I can't find any reference to IBM840.  Poland is supposed to use
CCSID 870, according to the AS/400 National Language Reference.
tn5250 doesn't support iso-8859-2 anyway.

The list of IBM charsets is at:

  http://publib.boulder.ibm.com/cgi-bin/bookmgr/BOOKS/QB3AWC01/G.2

Recode 3.5 knows about 42 character sets with space in 0x40, which are
probably EBCDIC, although the 0.15.6 transmaps.h only contains 39
EBCDIC character sets.  I've got a newer version of the transmaps
script which I think fixes this.

Only 26 of recode's EBCDIC character sets correspond to IBM numeric
CCSIDs, actually.  This seems to be the same as glibc's data,
too. (grep -l 'x40.*SPACE' /usr/share/i18n/charmaps/IBM* | wc -l)

Perhaps there's a smaller number of mappings that we should consider,
anyway.  Looking at the character sets, "-m 870" might as well use
ISO-8859-2 instead of -1 anyway - the special characters won't make
sense on a Latin-1 terminal either way.  (In fact, IBM's description
of CCSID 870 is "Latin-2 Multilingual".)

I think this would go by the "Character Set" column in the IBM manual.
Everything with character set 697 should work with ISO-8859-1.  For
Greek, CCSID 423 with character set 218 would only work properly with
ISO-8859-7 (or Windows codepage 1253).

That would make a total of 52 tables, if we support all the numeric
EBCDIC CCSIDs in each direction, and pick an appropriate ISO-8859-x
character set for each.  That's an enormous 13K of memory taken up.

> The drawbacks are that most distributions don't have GNU recode installed by
> default (I'm assuming, RH6 and RH6.1 don't, neither does RH5.2).

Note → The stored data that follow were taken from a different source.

(* Let $f\in\mathbf{R}_\ell$, written as $f(z)=\ell z+R(e^{2\pi iz})$ with $\ell\in\mathbb{Z}$ and $R$ a non-constant rational map with $R(0)\neq\infty$, $R(\infty)\neq\infty$, and let $g(w)=w^\ell e^{2\pi iR(w)}$ be its exponential projection. Then $g$ is of finite type with $\mathcal{AV}(g)=\{0,\infty\}$ and $\mathcal{E}(g)=\exp_1(f^{-1}(\infty))$. Moreover: (i) if $\ell=1$, then $0$ and $\infty$ are fixed points of $g$ with multipliers $g'(0)=e^{2\pi iR(0)}$ and $g'(\infty)=e^{-2\pi iR(\infty)}$, while if $\ell\ge2$ both are fixed critical points; (ii) if $\ell=-1$, then $\{0,\infty\}$ is a $2$-cycle with multiplier $e^{2\pi i(R(\infty)-R(0))}$, while if $\ell\le-2$ it is a critical $2$-cycle; (iii) if $\ell=0$, then $0$ (resp. $\infty$) is a critical point of $g$ if and only if $R'(0)=0$ (resp. $R'(\infty)=0$).
   Context: $\exp_1(z)=e^{2\pi iz}$. $\mathbf{R}_\ell$ is the class of functions $\ell z+R(e^{2\pi iz})$ with $R$ a non-constant rational map, $R(0)\neq\infty$, $R(\infty)\neq\infty$, $R^{-1}(\infty)\neq\emptyset$. $\mathcal{E}(g)$ is the set of essential singularities of $g$; $\mathcal{AV}(g)$ its asymptotic values (limits of $g$ along paths tending to points of $\mathcal{E}(g)$); $g$ is of finite type if its set of singular values (closure of critical and asymptotic values) is finite. Derivatives and multipliers at $\infty$ are taken in the local coordinate $1/w$. *)

theory Defs
  imports "HOL-Complex_Analysis.Complex_Analysis" "HOL-Computational_Algebra.Polynomial"
begin

text \<open>The Riemann sphere is modelled as complex option: Some z is the point z, None is infinity.\<close>

definition exp1 :: "complex \<Rightarrow> complex" where
  "exp1 z = exp (2 * of_real pi * \<i> * z)"

text \<open>Rational function P/Q (junk value 0 at zeros of Q; only limits are ever used there).\<close>
definition ratf :: "complex poly \<Rightarrow> complex poly \<Rightarrow> complex \<Rightarrow> complex" where
  "ratf P Q w = poly P w / poly Q w"

definition fR :: "int \<Rightarrow> complex poly \<Rightarrow> complex poly \<Rightarrow> complex \<Rightarrow> complex" where
  "fR l P Q z = of_int l * z + ratf P Q (exp1 z)"

definition gproj :: "int \<Rightarrow> complex poly \<Rightarrow> complex poly \<Rightarrow> complex \<Rightarrow> complex" where
  "gproj l P Q w = w powi l * exp (2 * of_real pi * \<i> * ratf P Q w)"
(* Let $W$ be a $\mathcal{T}$-module such that the restriction of $W$ to $\mathcal{U}(\mathfrak{t})$, where $\mathfrak{t}=\mathbb{C}L_0$, is free of rank $2$. Then there exist $\lambda\in\mathbb{C}^*$ and $\alpha\in\mathbb{C}$ such that $W$ or $\Pi(W)$ is isomorphic to $\mathcal{N}_1(\lambda,\alpha)$ or to $\mathcal{N}_{-1}(\lambda,\alpha)$.
   Context: The twisted $N=2$ superconformal algebra $\mathcal{T}$ is the Lie superalgebra over $\mathbb{C}$ with basis $\{L_m, I_r, G_p\mid m\in\mathbb{Z}, r\in\frac12+\mathbb{Z}, p\in\frac12\mathbb{Z}\}$, even part spanned by the $L_m,I_r$, odd part by the $G_p$, only nonzero brackets $[L_m,L_n]=(m-n)L_{m+n}$, $[L_m,I_r]=-rI_{m+r}$, $[L_m,G_p]=(\frac m2-p)G_{m+p}$, $[I_r,G_p]=G_{r+p}$, $[G_p,G_q]=(-1)^{2p}2L_{p+q}$ if $p+q\in\mathbb{Z}$, $[G_p,G_q]=(-1)^{2p+1}(p-q)I_{p+q}$ if $p+q\in\frac12+\mathbb{Z}$. Modules are $\mathbb{Z}_2$-graded; $\Pi$ is the parity-change functor. For $p\in\frac12\mathbb{Z}$, $\lambda^p$ means $(\lambda^{1/2})^{2p}$ for a fixed square root. For $\lambda\in\mathbb{C}^*,\alpha\in\mathbb{C},t=\pm1$, $\mathcal{N}_t(\lambda,\alpha)$ is the space $\mathbb{C}[x]\mathbf{1}_{\bar0}\oplus\mathbb{C}[y]\mathbf{1}_{\bar1}$ (even part $\mathbb{C}[x]\mathbf{1}_{\bar0}$, odd part $\mathbb{C}[y]\mathbf{1}_{\bar1}$; write $f(x)$ for $f(x)\mathbf{1}_{\bar0}$, $g(y)$ for $g(y)\mathbf{1}_{\bar1}$) with $L_mf(x)=\lambda^m(x+m\alpha)f(x+m)$, $L_mg(y)=\lambda^m(y+m(\alpha+\frac12))g(y+m)$, $I_rf(x)=-2t^{2r}\lambda^r\alpha f(x+r)$, $I_rg(y)=t^{2r}\lambda^r(1-2\alpha)g(y+r)$, $G_pf(x)=t^{2p}\lambda^pf(y+p)$, $G_pg(y)=(-t)^{2p}\lambda^p(x+2p\alpha)g(x+p)$, for $m\in\mathbb{Z}$, $r\in\frac12+\mathbb{Z}$, $p\in\frac12\mathbb{Z}$. *)

theory Defs
  imports Complex_Main "HOL-Library.Product_Plus" "HOL-Computational_Algebra.Polynomial"
begin

(* Index convention: half-integer indices are encoded by their doubles.
   I k (k odd) stands for I_{k/2};  G k (k any integer) stands for G_{k/2}.
   L m (m integer) stands for L_m. *)

(* Relations (bracket = supercommutator):
   [L_m,L_n]=(m-n)L_{m+n}; [L_m,I_r]=-r I_{m+r}; [L_m,G_p]=(m/2-p)G_{m+p};
   [I_r,I_s]=0; [I_r,G_p]=G_{r+p};
   G_pG_q+G_qG_p = (-1)^{2p} 2 L_{p+q} (p+q integral),
                 = (-1)^{2p+1}(p-q) I_{p+q} (p+q half-odd). *)
definition tmod ::
  "(complex \<Rightarrow> 'v::ab_group_add \<Rightarrow> 'v) \<Rightarrow> 'v set \<Rightarrow> 'v set \<Rightarrow>
   (int \<Rightarrow> 'v \<Rightarrow> 'v) \<Rightarrow> (int \<Rightarrow> 'v \<Rightarrow> 'v) \<Rightarrow> (int \<Rightarrow> 'v \<Rightarrow> 'v) \<Rightarrow> bool" where
  "tmod sc V0 V1 L I G \<longleftrightarrow>
     vector_space sc \<and>
     module.subspace sc V0 \<and> module.subspace sc V1 \<and> V0 \<inter> V1 = {0} \<and>
     (\<forall>v. \<exists>a\<in>V0. \<exists>b\<in>V1. v = a + b) \<and>
     (\<forall>m. Vector_Spaces.linear sc sc (L m)) \<and>
     (\<forall>k. odd k \<longrightarrow> Vector_Spaces.linear sc sc (I k)) \<and>
     (\<forall>k. Vector_Spaces.linear sc sc (G k)) \<and>
     (\<forall>m. L m ` V0 \<subseteq> V0 \<and> L m ` V1 \<subseteq> V1) \<and>
     (\<forall>k. odd k \<longrightarrow> I k ` V0 \<subseteq> V0 \<and> I k ` V1 \<subseteq> V1) \<and>
     (\<forall>k. G k ` V0 \<subseteq> V1 \<and> G k ` V1 \<subseteq> V0) \<and>
     (\<forall>m n v. L m (L n v) - L n (L m v) = sc (of_int (m - n)) (L (m + n) v)) \<and>
     (\<forall>m k v. odd k \<longrightarrow>
        L m (I k v) - I k (L m v) = sc (- of_int k / 2) (I (2 * m + k) v)) \<and>
     (\<forall>m k v. L m (G k v) - G k (L m v) = sc (of_int (m - k) / 2) (G (2 * m + k) v)) \<and>
     (\<forall>j k v. odd j \<longrightarrow> odd k \<longrightarrow> I j (I k v) - I k (I j v) = 0) \<and>
     (\<forall>j k v. odd j \<longrightarrow> I j (G k v) - G k (I j v) = G (j + k) v) \<and>
     (\<forall>j k v. even (j + k) \<longrightarrow>
        G j (G k v) + G k (G j v) = sc ((-1) powi j * 2) (L ((j + k) div 2) v)) \<and>
     (\<forall>j k v. odd (j + k) \<longrightarrow>
        G j (G k v) + G k (G j v) =
          sc ((-1) powi (j + 1) * (of_int (j - k) / 2)) (I (j + k) v))"
lemma verts_cycle_graph: "verts (cycle_graph k) = {0..<k}"
  by (simp add: cycle_graph_def verts_def)

lemma adj_cycle_graph:
  "adj (cycle_graph k) i j \<longleftrightarrow> i < k \<and> j < k \<and> (j = (i + 1) mod k \<or> i = (j + 1) mod k)"
  by (simp add: cycle_graph_def adj_def)

lemma undirected_graph_cycle_graph: "undirected_graph (cycle_graph k)"
  unfolding undirected_graph_def symp_def adj_cycle_graph verts_cycle_graph by auto

lemma adj_mycielskian: "adj (mycielskian m G) = myc_adj m G"
  by (simp add: mycielskian_def adj_def)

lemma verts_mycielskian: "verts (mycielskian m G) = insert None (Some ` ({0..m} \<times> verts G))"
  by (simp add: mycielskian_def verts_def)

lemma undirected_graph_mycielskian:
  assumes "undirected_graph G"
  shows "undirected_graph (mycielskian m G)"
proof -
  have "myc_adj m G y x" if "myc_adj m G x y" for x y
    using that undirected_graph_adj_sym[OF assms]
    by (auto simp: myc_adj_def split: option.splits prod.splits)
  moreover have "x \<in> verts (mycielskian m G)" if "myc_adj m G x y" for x y
    using that by (auto simp: myc_adj_def verts_mycielskian split: option.splits prod.splits)
  ultimately show ?thesis
    unfolding undirected_graph_def symp_def adj_mycielskian by blast
qed

fun alternating :: "'a \<Rightarrow> 'a \<Rightarrow> nat \<Rightarrow> 'a list" where
  "alternating a b 0 = []"
| "alternating a b (Suc d) = alternating b a d @ [a]"

lemma length_alternating [simp]: "length (alternating a b d) = d"
  by (induction d arbitrary: a b) auto

lemma walk_alternating: "adj G a b \<Longrightarrow> adj G b a \<Longrightarrow> walk G (alternating a b d)"
proof (induction d arbitrary: a b)
  case (Suc d)
  then show ?case
    by (cases d) (auto simp: walk_append_iff)
qed simp

locale odd_mycielskian =
  fixes m p :: nat
  assumes m_pos: "0 < m" and odd_p: "odd p"
begin

abbreviation G :: "(nat \<times> nat) option graph" where
  "G \<equiv> mycielskian m (cycle_graph p)"

lemma undirected_G: "undirected_graph G"
  by (intro undirected_graph_mycielskian undirected_graph_cycle_graph)

lemma adj_sym: "adj G x y \<Longrightarrow> adj G y x"
  using undirected_graph_adj_sym[OF undirected_G] .

definition node :: "nat \<Rightarrow> nat \<Rightarrow> (nat \<times> nat) option" where
  "node i j = Some (i, j mod p)"

lemma adj_node_Suc_Suc: "i < m \<Longrightarrow> adj G (node i a) (node (Suc i) (Suc a))"
  and adj_Suc_node_Suc: "i < m \<Longrightarrow> adj G (node i (Suc a)) (node (Suc i) a)"
  and adj_node_base: "adj G (node 0 a) (node 0 (Suc a))"
  and adj_node_apex: "adj G (node m a) None"
  using odd_pos[OF odd_p]
  by (auto simp: node_def adj_mycielskian myc_adj_def adj_cycle_graph verts_cycle_graph
    mod_Suc_eq)

definition climb :: "nat \<Rightarrow> nat \<Rightarrow> (nat \<times> nat) option list" where
  "climb i j = map (\<lambda>l. node l (j + (l - i))) [i..<Suc m] @ [None]"

lemma climb_step: "i < m \<Longrightarrow> climb i j = node i j # climb (Suc i) (Suc j)"
proof -
  assume "i < m"
  moreover have "j + (l - i) = Suc j + (l - Suc i)" if "Suc i \<le> l" for l
    using that by simp
  ultimately show ?thesis
    unfolding climb_def by (simp add: upt_conv_Cons)
qed

lemma climb_top: "climb m j = [node m j, None]"
  by (simp add: climb_def)

lemma climb_Cons:
  assumes "i \<le> m"
  obtains R where "climb i j = node i j # R"
  using assms climb_step climb_top by (metis le_neq_implies_less)

lemma climb_mod: "j mod p = j' mod p \<Longrightarrow> climb i j = climb i j'"
  unfolding climb_def node_def
  by (simp add: mod_add_left_eq[of j, symmetric] mod_add_left_eq[of j'])

lemma walk_climb: "i \<le> m \<Longrightarrow> walk G (climb i j)"
proof (induction "m - i" arbitrary: i j)
  case 0
  then have "i = m" by simp
  then show ?case using adj_node_apex by (simp add: climb_top)
next
  case (Suc d)
  then have "i < m" by simp
  moreover obtain R where "climb (Suc i) (Suc j) = node (Suc i) (Suc j) # R"
    using climb_Cons \<open>i < m\<close> by (metis Suc_leI)
  moreover have "walk G (climb (Suc i) (Suc j))"
    using Suc by simp
  ultimately show ?case
    using adj_node_Suc_Suc by (simp add: climb_step)
qed

definition bend :: "nat \<Rightarrow> nat \<Rightarrow> (nat \<times> nat) option list" where
  "bend i k = node i (Suc k) # climb (Suc i) k"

Debian comes with recode, at least.  With the size of the library, I
wouldn't recommend bundling it:

$ ls -l /usr/lib/librecode.so.0.0.0
-rwxr-xr-x    1 root     root       493848 Jun 18  1999 
/usr/lib/librecode.so.0.0.0*

> Okay the usual suspects who participated in the iconv() discussion should
> participate here, especially if yu know of any shortcomings of the GNU recode
> library.

Somewhat related to this, I've noticed that the current transmaps.h
generated by recode 3.4 doesn't map the control characters (like
horizontal tab), although recode 3.5 seems to have fixed this.  Does
this affect us?

> If there is no clean solution, I'll just provide the extra translation map
> "pl-iso-8859-2" for the interim.

Would anyone be affected if it just replaced the existing IBM870 table?

-- 
         Carey Evans  http://home.clear.net.nz/pages/c.evans/

         This message was composed from the finest electrons
         used by many of the world's greatest writers.